The client will provide time studies, PLC-state histories, downtime reasons, material movements, labour standards, quality holds, layout versions and supplier models under appropriate licences. Named plant engineers will support observation across all shifts, while the launch director resolves supplier access within five days. The client retains responsibility for safety approval, equipment modification and production scheduling outside controlled experiments.

Why this is external work

Internal simulation teams are embedded with different equipment and software suppliers, making them capable builders but poor arbiters of conflicting fidelity claims. The launch office lacks capacity to reconstruct cross-model assumptions before tooling freeze.
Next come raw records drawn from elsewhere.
lemma has_bochner_integral_laplace_id:
  assumes b: "b > 0"
  shows "has_bochner_integral (laplace b) (\<lambda>x. x) 0"
proof (intro has_bochner_integral_laplace)
  have "(\<integral>\<^sup>+x. ennreal (norm (laplace_density b x * x)) \<partial>lborel) = ennreal b"
    using nn_integral_laplace_abs_power[OF b, of 1] b
    by (simp add: abs_mult laplace_density_nonneg)
  then have int: "integrable lborel (\<lambda>x. laplace_density b x * x)"
    by (simp add: integrable_iff_bounded)
  \<comment> \<open>the integrand is odd\<close>
  have "(\<integral>x. laplace_density b x * x \<partial>lborel) = - (\<integral>x. laplace_density b x * x \<partial>lborel)"
    using lborel_integral_real_affine[of "-1" "\<lambda>x. laplace_density b x * x" 0] by simp
  with int show "has_bochner_integral lborel (\<lambda>x. laplace_density b x * x) 0"
    by (simp add: has_bochner_integral_iff)
qed (use b in auto)

lemma integrable_laplace_linear_growth:
  fixes f :: "real \<Rightarrow> real"
  assumes b: "b > 0" and [measurable]: "f \<in> borel_measurable borel"
    and growth: "\<And>t. \<bar>f t\<bar> \<le> a + \<bar>t\<bar>"
  shows "integrable (laplace b) f" "integrable (laplace b) (\<lambda>t. (f t)\<^sup>2)"
proof -
  interpret prob_space "laplace b" by (rule prob_space_laplace[OF b])
  have id: "integrable (laplace b) (\<lambda>t. t)" and sq: "integrable (laplace b) (\<lambda>t. t\<^sup>2)"
    using has_bochner_integral_laplace_id[OF b] has_bochner_integral_laplace_square[OF b]
    by (simp_all add: has_bochner_integral_iff)
  show "integrable (laplace b) f"
  proof (rule Bochner_Integration.integrable_bound)
    show "integrable (laplace b) (\<lambda>t. a + \<bar>t\<bar>)"
      using id by simp
    show "AE t in laplace b. norm (f t) \<le> norm (a + \<bar>t\<bar>)"
      using order_trans[OF growth abs_ge_self] by simp
  qed measurable
  show "integrable (laplace b) (\<lambda>t. (f t)\<^sup>2)"
  proof (rule Bochner_Integration.integrable_bound)
    show "integrable (laplace b) (\<lambda>t. a\<^sup>2 + 2 * a * \<bar>t\<bar> + t\<^sup>2)"
      using id sq by simp
    have "(f t)\<^sup>2 \<le> a\<^sup>2 + 2 * a * \<bar>t\<bar> + t\<^sup>2" for t
      using power_mono[OF growth abs_ge_zero, of t 2] by (simp add: power2_sum)
    then show "AE t in laplace b. norm ((f t)\<^sup>2) \<le> norm (a\<^sup>2 + 2 * a * \<bar>t\<bar> + t\<^sup>2)"
      by (simp add: order_trans[OF _ abs_ge_self])
  qed measurable
qed

lemma var_nonneg: "0 \<le> var M X"
  unfolding var_def by (rule Bochner_Integration.integral_nonneg) simp

lemma (in prob_space) var_le_expectation_square_diff:
  fixes X :: "'a \<Rightarrow> real"
  assumes "integrable M X" "integrable M (\<lambda>x. (X x)\<^sup>2)"
  shows "var M X \<le> expectation (\<lambda>x. (X x - c)\<^sup>2)"
proof -
  have "expectation (\<lambda>x. (X x - c)\<^sup>2) = expectation (\<lambda>x. (X x)\<^sup>2) - 2 * c * expectation X + c\<^sup>2"
    using assms by (simp add: power2_diff prob_space)
  moreover have "var M X = expectation (\<lambda>x. (X x)\<^sup>2) - (expectation X)\<^sup>2"
    unfolding var_def using assms by (rule variance_eq)
  moreover have "0 \<le> (expectation X - c)\<^sup>2" by simp
  ultimately show ?thesis unfolding power2_diff by (simp add: algebra_simps)
qed

lemma (in product_prob_space) integral_PiM_component:
  fixes f :: "'a \<Rightarrow> real"
  assumes "i \<in> I" and [measurable]: "f \<in> borel_measurable (M i)"
  shows "integrable (PiM I M) (\<lambda>z. f (z i)) \<longleftrightarrow> integrable (M i) f"
    "(\<integral>z. f (z i) \<partial>PiM I M) = integral\<^sup>L (M i) f"
proof -
  have comp: "(\<lambda>z. z i) \<in> measurable (PiM I M) (M i)"
    using assms(1) by measurable
  show "integrable (PiM I M) (\<lambda>z. f (z i)) \<longleftrightarrow> integrable (M i) f"
    "(\<integral>z. f (z i) \<partial>PiM I M) = integral\<^sup>L (M i) f"
    using integrable_distr_eq[OF comp assms(2)] integral_distr[OF comp assms(2)]
    unfolding PiM_component[OF assms(1)] by simp_all
qed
An external specialist can impose a common validation test without protecting the apparent success of any existing twin component.

What you will own

  • Reconcile geometry, controls emulation, process simulation and discrete-event boundaries into one versioned representation of the launch decision being tested.
  • Calibrate cycle, failure, recovery, buffer, labour, quality-hold and material-starvation behaviours against timestamped physical evidence from every operating shift.
  • Design blinded scenarios that expose brittle tuning, hidden averages, incorrect dependence assumptions and constraints missing from nominal production runs.
  • Quantify prediction error and decision sensitivity separately so the programme understands where imperfect fidelity would actually alter tooling or capacity choices.
  • Arbitrate incompatible supplier assumptions through witnessed evidence reviews and preserve unresolved uncertainty rather than forcing cosmetic model agreement.
  • Recommend line balancing, buffer, automation or recovery interventions with cost, throughput, implementation window and confidence level attached.
  • Equip the internal validation owner with experiment protocols, model-release criteria, change control and a repeatable method for detecting fidelity drift after launch.

Candidate qualifications

  • Led digital-twin validation for a complex automotive, battery, aerospace or high-throughput manufacturing launch where physical capacity decisions depended on simulation.
  • Integrated controls emulation and discrete-event behaviour rather than validating geometry, machine logic or flow as isolated digital artefacts.
  • Designed blind prediction tests and can explain how model error affected a real tooling, buffer, labour or launch-volume decision.
  • Worked directly with PLC histories, industrial time series, downtime coding, manual work measurement and quality containment evidence.
  • Resolved technical disputes among equipment makers, simulation vendors, plant engineering and programme leadership without commercial dependence on any platform.
  • Transferred a governed model-release and recalibration method to an operating plant whose constraints continued changing after initial acceptance.

Non-negotiables

  • The engagement leader must work in Leipzig during measurement windows and attend sponsor decisions in Munich at least twice monthly.
  • No commission, reseller status or implementation exclusivity may exist with the manufacturer’s current simulation or automation vendors.
  • Safety validation, statutory machine acceptance and production-release signatures remain with authorised client personnel and cannot be inferred from twin acceptance.
  • All supplier models and plant telemetry must remain within approved German environments, with licence restrictions reflected in the evidence room.
  1. 49 words maximum. Describe a blind test that exposed a factory twin’s false confidence and the physical decision it changed.
  2. 49 words maximum. How would you reconcile control-state histories with discrete-event assumptions when their equipment boundaries do not align?
  3. 49 words maximum. Identify any commercial relationship with simulation, industrial-data or automation suppliers used in automotive manufacturing.

This mandate is confidential. The client is named only under a mutual NDA, and your own record is never listed, sold or shown to a company under your name until you release it for this specific mandate.